10.Analysis of Related Factors that Make Daikenchuto Useful for Constipation During Pregnancy
Takeshi NAKAYAMA ; Aki MUKAI ; Kyoko SUZUKI ; Shuhei SO ; Nao MURABAYASHI ; Yoshimasa HORIKOSHI ; Rui KOIZUMI ; Hiroaki ITOH
Kampo Medicine 2022;73(1):1-7
The purpose of this study is to clarify factors related to the effect of daikenchuto on constipation during pregnancy. The subjects were 21 patients who had constipation during pregnancy and received 15 g/day of daikenchuto. Based on the constipation score that was created independently, the score values before administration, 2 weeks and 4 weeks after administration were retrospectively investigated. Furthermore, from the outcome of the oral status at 4 weeks, we divided the patients into 2 groups (12 in the improvement group and 11 in the non-improvement group), and attempted to extract factors that were considered to be related to efficacy. The total constipation score decreased significantly before and after administration of daikenchuto, and the concomitant symptoms of constipation scores were low, especially such as abdominal distension and abdominal pain.
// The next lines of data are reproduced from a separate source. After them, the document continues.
(* The space $X=\omega^*\times 2^\omega$ (with the product topology) is a compact $nwd$-separable space which is not $d$-separable.
   Context: $\omega^*=\beta\omega\setminus\omega$ is the Čech–Stone remainder of $\omega$, and $2^\omega$ is the Cantor space. A space is $d$-separable if it has a dense subset which is a countable union of discrete subspaces; it is $nwd$-separable if it has a dense subset which is a countable union of nowhere dense subsets. *)

theory Defs
  imports "HOL-Analysis.Analysis"
begin

definition is_ultrafilter_nat :: "nat set set \<Rightarrow> bool" where
  "is_ultrafilter_nat U \<longleftrightarrow>
     UNIV \<in> U \<and> {} \<notin> U \<and>
     (\<forall>A B. A \<in> U \<and> A \<subseteq> B \<longrightarrow> B \<in> U) \<and>
     (\<forall>A B. A \<in> U \<and> B \<in> U \<longrightarrow> A \<inter> B \<in> U) \<and>
     (\<forall>A. A \<in> U \<or> - A \<in> U)"

text \<open>beta omega: the Stone space of ultrafilters on nat, with basic open sets
  {U. A \<in> U}; omega is embedded via principal ultrafilters.\<close>
definition beta_omega :: "nat set set topology" where
  "beta_omega = topology_generated_by
     {{U. is_ultrafilter_nat U \<and> A \<in> U} | A. True}"

text \<open>omega* = beta omega minus omega, i.e. the free (non-principal) ultrafilters.\<close>
definition omega_star :: "nat set set topology" where
  "omega_star = subtopology beta_omega
     {U. is_ultrafilter_nat U \<and> (\<forall>n. {n} \<notin> U)}"

definition cantor_space :: "(nat \<Rightarrow> bool) topology" where
  "cantor_space = product_topology (\<lambda>_. discrete_topology (UNIV :: bool set)) UNIV"

definition nowhere_dense_in :: "'a topology \<Rightarrow> 'a set \<Rightarrow> bool" where
  "nowhere_dense_in X A \<longleftrightarrow> A \<subseteq> topspace X \<and> X interior_of (X closure_of A) = {}"

definition discrete_subspace :: "'a topology \<Rightarrow> 'a set \<Rightarrow> bool" where
  "discrete_subspace X A \<longleftrightarrow> A \<subseteq> topspace X \<and> subtopology X A = discrete_topology A"

definition d_separable :: "'a topology \<Rightarrow> bool" where
  "d_separable X \<longleftrightarrow> (\<exists>D :: nat \<Rightarrow> 'a set.
      (\<forall>n. discrete_subspace X (D n)) \<and> X closure_of (\<Union>n. D n) = topspace X)"

definition nwd_separable :: "'a topology \<Rightarrow> bool" where
  "nwd_separable X \<longleftrightarrow> (\<exists>D :: nat \<Rightarrow> 'a set.
      (\<forall>n. nowhere_dense_in X (D n)) \<and> X closure_of (\<Union>n. D n) = topspace X)"

end

theory Submission
  imports Defs
begin

text \<open>
  Compactness of \<open>\<omega>* \<times> 2\<^sup>\<omega>\<close> is Tychonoff, and nwd-separability holds because the slices
  \<open>\<omega>* \<times> {q}\<close>, for \<open>q\<close> in a countable dense subset of \<open>2\<^sup>\<omega>\<close>, are nowhere dense
  (\<open>2\<^sup>\<omega>\<close> has no isolated points) with dense union.

  For the failure of d-separability, let \<open>D\<^sub>n\<close> be discrete. Every point of \<open>D\<^sub>n\<close> is
  isolated in \<open>D\<^sub>n\<close> by a box \<open>C* \<times> V\<close> with \<open>V\<close> from a countable base of \<open>2\<^sup>\<omega>\<close>,
  and for fixed \<open>n\<close> and \<open>V\<close> the first coordinates of the points so isolated form a
  nowhere dense subset of \<open>\<omega>*\<close>: if \<open>C* \<times> V\<close> isolates a point over \<open>u\<close>, then \<open>u\<close> is
  the only such first coordinate in \<open>C*\<close>, and it is avoided by shrinking \<open>C\<close> to an
  infinite set outside \<open>u\<close>.
  Countably many nowhere dense subsets of \<open>\<omega>*\<close> are missed by a single nonempty basic
  set \<open>B*\<close>, since decreasing sequences of infinite sets have infinite pseudo-intersections.
  Then the open set \<open>B* \<times> 2\<^sup>\<omega>\<close> misses every \<open>D\<^sub>n\<close>.
\<close>

section \<open>Free ultrafilters on the natural numbers\<close>

definition free_ultrafilters :: "nat set set set" where
  "free_ultrafilters = {U. is_ultrafilter_nat U \<and> (\<forall>n. {n} \<notin> U)}"

definition star_set :: "nat set \<Rightarrow> nat set set set" where
  "star_set A = {U \<in> free_ultrafilters. A \<in> U}"

definition infinite_fip :: "nat set set \<Rightarrow> bool" where
  "infinite_fip G \<longleftrightarrow> (\<forall>F. finite F \<and> F \<subseteq> G \<longrightarrow> infinite (\<Inter>F))"

lemma ultrafilter_superset: "is_ultrafilter_nat U \<Longrightarrow> A \<in> U \<Longrightarrow> A \<subseteq> B \<Longrightarrow> B \<in> U"
  unfolding is_ultrafilter_nat_def by blast

lemma ultrafilter_Int_iff:
  assumes "is_ultrafilter_nat U"
  shows "A \<inter> B \<in> U \<longleftrightarrow> A \<in> U \<and> B \<in> U"
  using assms ultrafilter_superset[OF assms, of "A \<inter> B"] unfolding is_ultrafilter_nat_def by blast

lemma ultrafilter_Compl_iff:
  assumes "is_ultrafilter_nat U"
  shows "- A \<in> U \<longleftrightarrow> A \<notin> U"
proof -
  have "A \<inter> - A \<notin> U"
    using assms unfolding is_ultrafilter_nat_def by simp
  then show ?thesis
    using assms ultrafilter_Int_iff[OF assms] unfolding is_ultrafilter_nat_def by blast
qed

lemma ultrafilter_Inter:
  assumes "is_ultrafilter_nat U" "finite F" "F \<subseteq> U"
  shows "\<Inter>F \<in> U"
  using assms(2,3)
proof induction
  case empty
  then show ?case
    using assms(1) unfolding is_ultrafilter_nat_def by simp
next
  case (insert A F)
  then show ?case
    using ultrafilter_Int_iff[OF assms(1)] by simp
qed

lemma free_ultrafilter_cofinite:
  assumes "U \<in> free_ultrafilters" "finite F"
  shows "- F \<in> U"
proof -
  have U: "is_ultrafilter_nat U" "\<And>n. {n} \<notin> U"
    using assms(1) unfolding free_ultrafilters_def by auto
  have "\<Inter>((\<lambda>n. - {n}) ` F) \<in> U"
    using U ultrafilter_Compl_iff by (intro ultrafilter_Inter) (auto simp: assms(2))
  moreover have "\<Inter>((\<lambda>n. - {n}) ` F) = - F"
    by blast
  ultimately show ?thesis
    by simp
qed

lemma free_ultrafilter_infinite:
  assumes "U \<in> free_ultrafilters" "A \<in> U"
  shows "infinite A"
proof
  assume "finite A"
  then have "- A \<in> U"
    by (rule free_ultrafilter_cofinite[OF assms(1)])
  then show False
    using assms ultrafilter_Compl_iff unfolding free_ultrafilters_def by blast
qed

lemma star_set_mono: "A \<subseteq> B \<Longrightarrow> star_set A \<subseteq> star_set B"
  unfolding star_set_def free_ultrafilters_def using ultrafilter_superset by blast

lemma star_set_almost_mono:
  assumes "finite (B - A)"
  shows "star_set B \<subseteq> star_set A"
proof
  fix U assume U: "U \<in> star_set B"
  then have "B \<inter> - (B - A) \<in> U"
    using free_ultrafilter_cofinite[OF _ assms] ultrafilter_Int_iff
    unfolding star_set_def free_ultrafilters_def by simp
  then show "U \<in> star_set A"
    using U ultrafilter_superset unfolding star_set_def free_ultrafilters_def by blast
qed

lemma infinite_fip_insert:
  "infinite_fip (insert B M) \<longleftrightarrow>
     infinite_fip M \<and> (\<forall>F. finite F \<and> F \<subseteq> M \<longrightarrow> infinite (B \<inter> \<Inter>F))"
proof (intro iffI conjI allI impI; (elim conjE)?)
  assume H: "infinite_fip (insert B M)"
  show "infinite_fip M"
    using H unfolding infinite_fip_def by (meson subset_insertI2)
  fix F assume "finite F" "F \<subseteq> M"
  then show "infinite (B \<inter> \<Inter>F)"
    using H[unfolded infinite_fip_def, rule_format, of "insert B F"] by auto
next
  assume M: "infinite_fip M" and B: "\<forall>F. finite F \<and> F \<subseteq> M \<longrightarrow> infinite (B \<inter> \<Inter>F)"
  show "infinite_fip (insert B M)"
    unfolding infinite_fip_def
  proof (intro allI impI notI; elim conjE)
    fix F assume F: "finite F" "F \<subseteq> insert B M" "finite (\<Inter>F)"
    show False
    proof (cases "B \<in> F")
      case True
      then have "\<Inter>F = B \<inter> \<Inter>(F - {B})"
        by blast
      moreover have "infinite (B \<inter> \<Inter>(F - {B}))"
        using B F(1,2) by auto
      ultimately show False
        using F(3) by simp
    next
      case False
      then have "F \<subseteq> M"
        using F(2) by blast
      then show False
        using M F(1,3) unfolding infinite_fip_def by blast
    qed
  qed
qed

lemma maximal_infinite_fip_free_ultrafilter:
  assumes M: "infinite_fip M" and maximal: "\<And>B. infinite_fip (insert B M) \<Longrightarrow> B \<in> M"
  shows "M \<in> free_ultrafilters"
proof -
  have mem: "B \<in> M \<longleftrightarrow> (\<forall>F. finite F \<and> F \<subseteq> M \<longrightarrow> infinite (B \<inter> \<Inter>F))" for B
    using maximal M infinite_fip_insert[of B M] insert_absorb[of B M] by metis
  have upward: "B \<in> M" if "A \<in> M" "A \<subseteq> B" for A B
  proof -
    have "A \<inter> \<Inter>F \<subseteq> B \<inter> \<Inter>F" for F
      using \<open>A \<subseteq> B\<close> by blast
    then show ?thesis
      using \<open>A \<in> M\<close> unfolding mem by (meson finite_subset)
  qed
  have Int: "A \<inter> B \<in> M" if "A \<in> M" "B \<in> M" for A B
    unfolding mem[of "A \<inter> B"]
  proof (intro allI impI; elim conjE)
    fix F assume "finite F" "F \<subseteq> M"
    then have "infinite (A \<inter> \<Inter>(insert B F))"
      using that mem[of A] by (meson finite_insert insert_subset)
    then show "infinite (A \<inter> B \<inter> \<Inter>F)"
      by (simp add: Int_assoc)
  qed
  have Compl: "A \<in> M \<or> - A \<in> M" for A
  proof (rule ccontr)
    assume "\<not> (A \<in> M \<or> - A \<in> M)"
    then obtain F1 F2 where F: "finite F1" "F1 \<subseteq> M" "finite (A \<inter> \<Inter>F1)"
      "finite F2" "F2 \<subseteq> M" "finite (- A \<inter> \<Inter>F2)"
      unfolding mem by blast
    have "\<Inter>(F1 \<union> F2) \<subseteq> (A \<inter> \<Inter>F1) \<union> (- A \<inter> \<Inter>F2)"
      by auto
    then have "finite (\<Inter>(F1 \<union> F2))"
      using F(3,6) by (meson finite_UnI finite_subset)
    then show False
      using M F unfolding infinite_fip_def by (meson finite_UnI le_sup_iff)
  qed
  have "{} \<notin> M" "{n} \<notin> M" for n
    using M[unfolded infinite_fip_def, rule_format, of "{{}}"]
      M[unfolded infinite_fip_def, rule_format, of "{{n}}"] by auto
  moreover have "is_ultrafilter_nat M"
    unfolding is_ultrafilter_nat_def
  proof (intro conjI allI impI)
    show "B \<in> M" if "A \<in> M \<and> A \<subseteq> B" for A B
      using that upward by blast
    show "A \<inter> B \<in> M" if "A \<in> M \<and> B \<in> M" for A B
      using that Int by blast
    show "UNIV \<in> M"
      using Compl[of UNIV] upward by blast
  qed (use \<open>{} \<notin> M\<close> Compl in auto)
  ultimately show ?thesis
    unfolding free_ultrafilters_def by blast
qed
A comparison of the backgrounds of the improved group and the non-improved group revealed that the proportion of the patients with a history of surgery (laparotomy or laparoscopic surgery) was significantly higher in the improvement group. In addition, there were no particular problems with the pregnancy and delivery course of the 23 patients. Daikenchuto was considered to be highly effective against constipation during pregnancy, especially in pregnant women with a history of surgery.